By February 23, 2016No Comments

(This article originally appeared in the Canandaigua Daily Messenger)

Hillary ClintonLet’s talk about Hillary Clinton.

It’s not uncommon for progressive enclaves to hold that someone who agrees with them 85 percent of the time is so much worse than someone who never agrees with them, much in the same way that many conservative Republicans are far more angry at Republicans In Name Only than they are at Democrats. Even so, the level of sheer loathing and contempt that young progressives hold for Hillary Clinton goes above and beyond the call of either duty or sense. The idea that it is better not to vote at all than to vote for Clinton against Donald Trump, it’s a kind of lunacy.

Regular readers of this column know I have a lot of issues with Clinton, and my personal dislike of her at least has the honesty of having met her. But even if the vicious images of Clinton held by so many people weren’t absurdly over the top in the first place, they are completely incompatible with her time as a U.S. senator from New York (her only time actually in an elected office), where she excelled in almost every possible way.

The same conservatives who now see her as an incarnation of evil never bothered to rally against her when she ran for re-election in 2006. That’s because she won their communities over. She went around to every town, village and hamlet in Upstate New York, whether run by Democrats or Republicans, met every municipal official and sat through their all-day presentations on Erie Canal economic development and agricultural policy.

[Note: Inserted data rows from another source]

(* In the polarized setting below, for $t\in H^0$ let $D(t):V_w\to V_w$ be multiplication by $t$, and for $0\le p\le w-1$ write $D(t)|_{H^p}=D^-_p(t)+D^0_p(t)+D^+_p(t)$ with $D^-_p(t)\in\mathrm{Hom}(H^p,H^{p-1})$, $D^0_p(t)\in\mathrm{Hom}(H^p,H^p)$, $D^+_p(t)\in\mathrm{Hom}(H^p,H^{p+1})$ (where $D^-_0(t)=0$, $D^+_{w-1}(t)=0$); set $D^{\pm}(t)=\sum_pD^{\pm}_p(t)$, $D^0(t)=\sum_pD^0_p(t)$ as endomorphisms of $V_w$. Then $D(t)=D^-(t)+D^0(t)+D^+(t)$ on $V_w$, $D^0(t)$ preserves the grading $V_w=\bigoplus_{p=0}^{w-1}H^p$ and $D^{\pm}(t)$ shift it by $\pm1$, and for all $t,t'\in H^0$: (i) $D^+(t)D^+(t')=D^+(t')D^+(t)$ and $D^-(t)D^-(t')=D^-(t')D^-(t)$; (ii) $D^0(t)D^{\pm}(t')+D^{\pm}(t)D^0(t')=D^0(t')D^{\pm}(t)+D^{\pm}(t')D^0(t)$; (iii) $D^0(t)D^0(t')-D^0(t')D^0(t)+D^+(t)D^-(t')-D^+(t')D^-(t)+D^-(t)D^+(t')-D^-(t')D^+(t)=0$. (Equivalently, writing $D,D^0,D^{\pm}:V_w\to (H^0)^*\otimes V_w$: $D\wedge D=0$, $D^{\pm}\wedge D^{\pm}=0$, $D^0\wedge D^{\pm}+D^{\pm}\wedge D^0=0$, $D^0\wedge D^0+D^+\wedge D^-+D^-\wedge D^+=0$.)
   Context: Polarized setting. Let $X$ be a smooth complex projective variety of dimension $n\ge2$ with canonical divisor $K_X$, $\mathcal E$ a rank $n$ holomorphic vector bundle with $\mathcal O_X(L)=\det\mathcal E$ and $H^i(\mathcal O_X(-L))=0$ for $i\le n-1$. Let $e\in H^0(\mathcal E)$ be a section whose zero scheme $Z=Z_e$ is a finite set of $d$ distinct reduced points. Put $A=H^0(\mathcal O_Z)$ and $E_Z=\mathrm{Ext}^{n-1}(\mathcal I_Z(L),\mathcal O_X)$, viewed via Serre duality $E_Z\cong H^1(\mathcal I_Z(L+K_X))^*$ and dualizing the surjection $H^0(\mathcal O_Z(L+K_X))\to H^1(\mathcal I_Z(L+K_X))$ as a subspace of $H^0(\mathcal O_Z(L+K_X))^*\cong H^0(\omega_Z\otimes\mathcal O_X(-L-K_X))$, sections of an invertible sheaf on $Z$. An element $\alpha\in E_Z$ is regular if $f\mapsto f\alpha$ is an isomorphism $A\to H^0(\mathcal O_Z(L+K_X))^*$ (i.e. $\alpha$ vanishes at no point of $Z$). For regular $\alpha$ put $V_1=\{\beta/\alpha:\beta\in E_Z\}\subset A$ (it contains $1$), let $V_k$ be the span of all products of $k$ elements of $V_1$ (so $V_1\subset V_2\subset\cdots$), $V_0=0$, and let $w\ge1$ be the least integer with $V_k=V_w$ for all $k\ge w$. Let $q(f,g)=\sum_{z\in Z}f(z)g(z)$ be the trace form on $A$; $\alpha$ is polarizing if it is regular and $q|_{V_k}$ is non-degenerate for all $k\ge1$. For polarizing $\alpha$ define $H^p=V_p^{\perp}\cap V_{p+1}$ for $0\le p\le w-1$ and $H^w=V_w^{\perp}$, orthogonal complements taken in $A$ with respect to $q$. Then $A=\bigoplus_{p=0}^wH^p$, $H^0=V_1$ and $V_w=\bigoplus_{p=0}^{w-1}H^p$. *)

theory Defs
  imports Complex_Main
begin
lemma admissible_diff_poly_mat:
  assumes K: "compact K" "convex K" and \<sigma>: "admissible K \<sigma>" and \<tau>: "poly_mat k \<tau>"
  shows "admissible K (\<lambda>x. \<sigma> x - \<tau> x)"
  unfolding admissible_def
proof (intro conjI allI impI)
  fix i j
  have "(\<lambda>x. \<tau> x $ i $ j) absolutely_integrable_on K"
    by (rule absolutely_integrable_continuous_compact[OF K(1) continuous_on_poly_mat[OF \<tau>]])
  then show "(\<lambda>x. (\<sigma> x - \<tau> x) $ i $ j) absolutely_integrable_on K"
    using \<sigma> by (auto simp: admissible_def)
next
  fix F i j assume F: "F facet_of K"
  have "compact F" using face_of_imp_compact[OF K(2) K(1) facet_of_imp_face_of[OF F]] .
  moreover have "continuous_on (facet_prism F) (\<lambda>x. \<tau> (facet_proj F x) $ i $ j)"
    using continuous_on_compose2[OF continuous_on_poly_mat[OF \<tau>, of UNIV i j]
        continuous_on_facet_proj[of "facet_prism F" F]] by auto
  ultimately have "(\<lambda>x. \<tau> (facet_proj F x) $ i $ j) absolutely_integrable_on facet_prism F"
    by (intro absolutely_integrable_continuous_compact compact_facet_prism)
  then show "(\<lambda>x. (\<sigma> (facet_proj F x) - \<tau> (facet_proj F x)) $ i $ j) absolutely_integrable_on facet_prism F"
    using \<sigma> F by (auto simp: admissible_def)
qed

lemma absolutely_integrable_facet_dof:
  fixes K :: "(real^'n) set"
  assumes K: "compact K" "convex K" and F: "F facet_of K" and \<rho>: "admissible K \<rho>"
    and r: "poly_vec k r"
  shows "(\<lambda>z. nt F (\<rho> (facet_proj F z)) \<bullet> r (facet_proj F z)) absolutely_integrable_on facet_prism F"
proof -
  have "compact F" using face_of_imp_compact[OF K(2) K(1) facet_of_imp_face_of[OF F]] .
  have "(\<lambda>z. frob (\<rho> (facet_proj F z)) (nt_adjoint (facet_normal F) (r (facet_proj F z))))
      absolutely_integrable_on facet_prism F"
  proof (rule absolutely_integrable_frob_continuous[OF compact_facet_prism[OF \<open>compact F\<close>]])
    show "(\<lambda>x. \<rho> (facet_proj F x) $ i $ j) absolutely_integrable_on facet_prism F" for i j
      using \<rho> F by (auto simp: admissible_def)
    have "continuous_on (facet_prism F) (\<lambda>z. r (facet_proj F z))"
      using continuous_on_compose2[OF continuous_on_poly_vec[OF r, of UNIV] continuous_on_facet_proj]
      by auto
    then show "continuous_on (facet_prism F)
        (\<lambda>x. nt_adjoint (facet_normal F) (r (facet_proj F x)) $ i $ j)" for i j
      unfolding nt_adjoint_def by (intro continuous_intros) auto
  qed
  then show ?thesis by (simp add: nt_eq_normal_tangential normal_tangential_inner)
qed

And took notes. And asked intelligent questions. And then got back to them, in the weeks and months that followed, with concrete ideas about what her office could do to help.

Many of these Upstate Republican officials disagreed with her on matters of ideology, but nobody had ever given their bread-and-butter issues so much time and attention. Not even other Upstate Republican officials. Sure they theoretically supported her opponent, but only theoretically. They liked working with Clinton because she made their issues her own, and she never stopped working on them.

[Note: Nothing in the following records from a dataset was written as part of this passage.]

text \<open>The hypothesis \<open>j \<le> length xs\<close> ensures that a fresh index never equals \<open>j\<close>.\<close>
lemma expectation_simon_step_count:
  fixes h :: "nat \<Rightarrow> real"
  assumes "xs \<noteq> []" "j \<le> length xs" "0 \<le> p" "p \<le> 1"
  defines "c \<equiv> count_list xs j"
  shows "measure_pmf.expectation (simon_step p xs) (\<lambda>ys. h (count_list ys j)) =
    h c + p * real c / real (length xs) * (h (Suc c) - h c)"
proof -
  let ?n = "length xs"
  have card: "card {u \<in> {..<?n}. xs ! u = j} = c"
  proof -
    have "c = card {i. i < ?n \<and> j = xs ! i}"
      unfolding c_def count_list_eq_length_filter length_filter_conv_card ..
    also have "{i. i < ?n \<and> j = xs ! i} = {u \<in> {..<?n}. xs ! u = j}"
      by auto
    finally show ?thesis by simp
  qed
  have "(\<Sum>u<?n. h (count_list (xs @ [xs ! u]) j))
      = (\<Sum>u<?n. h c + (if xs ! u = j then h (Suc c) - h c else 0))"
    by (rule sum.cong) (auto simp: c_def)
  also have "\<dots> = real ?n * h c + (\<Sum>u\<in>{u \<in> {..<?n}. xs ! u = j}. h (Suc c) - h c)"
    by (simp add: sum.distrib sum.inter_filter[symmetric])
  also have "\<dots> = real ?n * h c + real c * (h (Suc c) - h c)"
    using card by simp
  finally have copy: "(\<Sum>u<?n. h (count_list (xs @ [xs ! u]) j)) =
      real ?n * h c + real c * (h (Suc c) - h c)" .
  have fresh: "count_list (xs @ [Suc ?n]) j = c"
    using assms(2) by (simp add: c_def)
  let ?E = "\<lambda>e. measure_pmf.expectation (if e then map_pmf (\<lambda>u. xs @ [xs ! u]) (pmf_of_set {..<?n})
      else return_pmf (xs @ [Suc ?n])) (\<lambda>ys. h (count_list ys j))"
  have "measure_pmf.expectation (simon_step p xs) (\<lambda>ys. h (count_list ys j)) =
      measure_pmf.expectation (bernoulli_pmf p) ?E"
    unfolding simon_step_def
    by (rule expectation_bind_pmf_finite) (use assms(1) in \<open>auto simp: set_pmf_of_set_lessThan\<close>)
  also have "\<dots> = p * ?E True + (1 - p) * ?E False"
    using assms(3,4) by (simp add: mult.commute)
  also have "?E True = (\<Sum>u<?n. h (count_list (xs @ [xs ! u]) j)) / real ?n"
    using assms(1) by (simp only: if_True integral_map_pmf, subst integral_pmf_of_set) auto
  also note copy
  also have "?E False = h c"
    using fresh by simp
  finally show ?thesis
    using assms(1) by (simp add: field_simps)
qed

lemma powr_add_one_diff_le:
  fixes z g :: real
  assumes "0 < z" "1 \<le> g"
  shows "(z + 1) powr g - z powr g \<le> g * (z + 1) powr (g - 1)"
proof -
  have "\<exists>w. z < w \<and> w < z + 1 \<and> (z + 1) powr g - z powr g = (z + 1 - z) * (g * w powr (g - 1))"
    by (rule MVT2) (use assms in \<open>auto intro!: has_real_derivative_powr\<close>)
  then obtain w where w: "z < w" "w < z + 1"
    and mvt: "(z + 1) powr g - z powr g = g * w powr (g - 1)"
    by auto
  have "w powr (g - 1) \<le> (z + 1) powr (g - 1)"
    by (rule powr_mono2) (use assms w in auto)
  then show ?thesis
    using mvt assms by (simp add: mult_left_mono)
qed

lemma mult_powr_add_one_diff_le:
  fixes a z g :: real
  assumes "0 < a" "a \<le> z" "1 \<le> g"
  shows "z * ((z + 1) powr g - z powr g) \<le> g * (1 + 1 / a) powr (g - 1) * z powr g"
proof -
  have z: "0 < z" using assms by simp
  have "z * ((z + 1) powr g - z powr g) \<le> z * (g * (z + 1) powr (g - 1))"
    by (rule mult_left_mono[OF powr_add_one_diff_le[OF z assms(3)]]) (use z in simp)
  also have "(z + 1) powr (g - 1) = z powr (g - 1) * (1 + 1 / z) powr (g - 1)"
  proof -
    have "z + 1 = z * (1 + 1 / z)"
      using z by (simp add: field_simps)
    then show ?thesis
      using z by (simp add: powr_mult)
  qed
  also have "z * (g * (z powr (g - 1) * (1 + 1 / z) powr (g - 1))) =
      g * (1 + 1 / z) powr (g - 1) * (z * z powr (g - 1))"
    by simp
  also have "z * z powr (g - 1) = z powr g"
    using z by (simp add: powr_mult_base)
  also have "g * (1 + 1 / z) powr (g - 1) * z powr g \<le> g * (1 + 1 / a) powr (g - 1) * z powr g"
    using assms z by (intro mult_right_mono mult_left_mono powr_mono2 add_left_mono frac_le) auto
  finally show ?thesis .
qed

lemma one_plus_div_mult_powr_le:
  fixes x \<eta> :: real
  assumes "0 < x" "0 \<le> \<eta>"
  shows "(1 + \<eta> / (x + 1)) * x powr \<eta> \<le> (x + 1) powr \<eta>"
proof -
  have "ln (x / (x + 1)) \<le> x / (x + 1) - 1"
    by (rule ln_le_minus_one) (use assms in auto)
  also have "\<dots> = - 1 / (x + 1)"
    using assms by (simp add: field_simps)
  finally have "1 / (x + 1) \<le> ln (x + 1) - ln x"
    using assms by (simp add: ln_div)
  then have "\<eta> / (x + 1) \<le> \<eta> * (ln (x + 1) - ln x)"
    using mult_left_mono assms(2) by fastforce
  then have "1 + \<eta> / (x + 1) \<le> exp (\<eta> * (ln (x + 1) - ln x))"
    using exp_ge_add_one_self[of "\<eta> / (x + 1)"] by (meson exp_le_cancel_iff order_trans)
  then have "(1 + \<eta> / (x + 1)) * x powr \<eta> \<le> exp (\<eta> * (ln (x + 1) - ln x)) * x powr \<eta>"
    by (rule mult_right_mono) simp
  also have "\<dots> = (x + 1) powr \<eta>"
    using assms by (simp add: powr_def exp_add[symmetric] algebra_simps)
  finally show ?thesis .
qed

That woman would make a great president.

What happened?

A lot of it is Clinton’s own fault, and she doesn’t deserve any passes. Enormous speaking fees from Goldman Sachs and soliciting contributions from foreign potentates for the Clinton Global Foundation couldn’t be more obvious conflicts of interest if the words “corruption” were written in giant neon letters. But — let’s be honest here — for all that the Clintons are a botanical garden of self-interest, they’re actually no more corrupt than the average New York county executive, Alabama mayor, Louisiana state senator or California voter.

Clinton is a poster child for political corruption because she’s a poster child — she’s in the public eye. But as politicians go, she’s really not so bad.

For a long time, the American public was content with a level of basic corruption from its politicians. It was understood that this is how business gets done, and that it was a small price to pay for an otherwise (mostly) functional democracy. Roads were built; jobs were created.

Clinton did nothing more than decide to play the political game the way she knew everyone had to play it, and she probably did so because she wanted to get things done and make a difference. Feathering her nest was likely incidental.

But the public has decided that it doesn’t like the old bargain anymore. The perfectly normal, run-of-the-mill corruption that Clinton engaged in is no longer acceptable because the system is no longer fulfilling its end of the bargain. We no longer build, or even maintain, infrastructure. The economy is rigged. And the normal route of electing the usual people to do the usual things isn’t fixing it.

If the political class is getting things done for ordinary Americans, nobody minds if they abuse the system a little. But if they are turning into an oligarchy, getting rich off our backs while our world gets less forgiving and more frightening, then we clamp down. We demand higher standards. We want to know before we vote: Are you one of them? Or are you one of us?

It’s really not Clinton’s fault, and she doesn’t deserve this scorn. But the rules that she lived by are the rules that got us into this mess. The public no longer accepts them.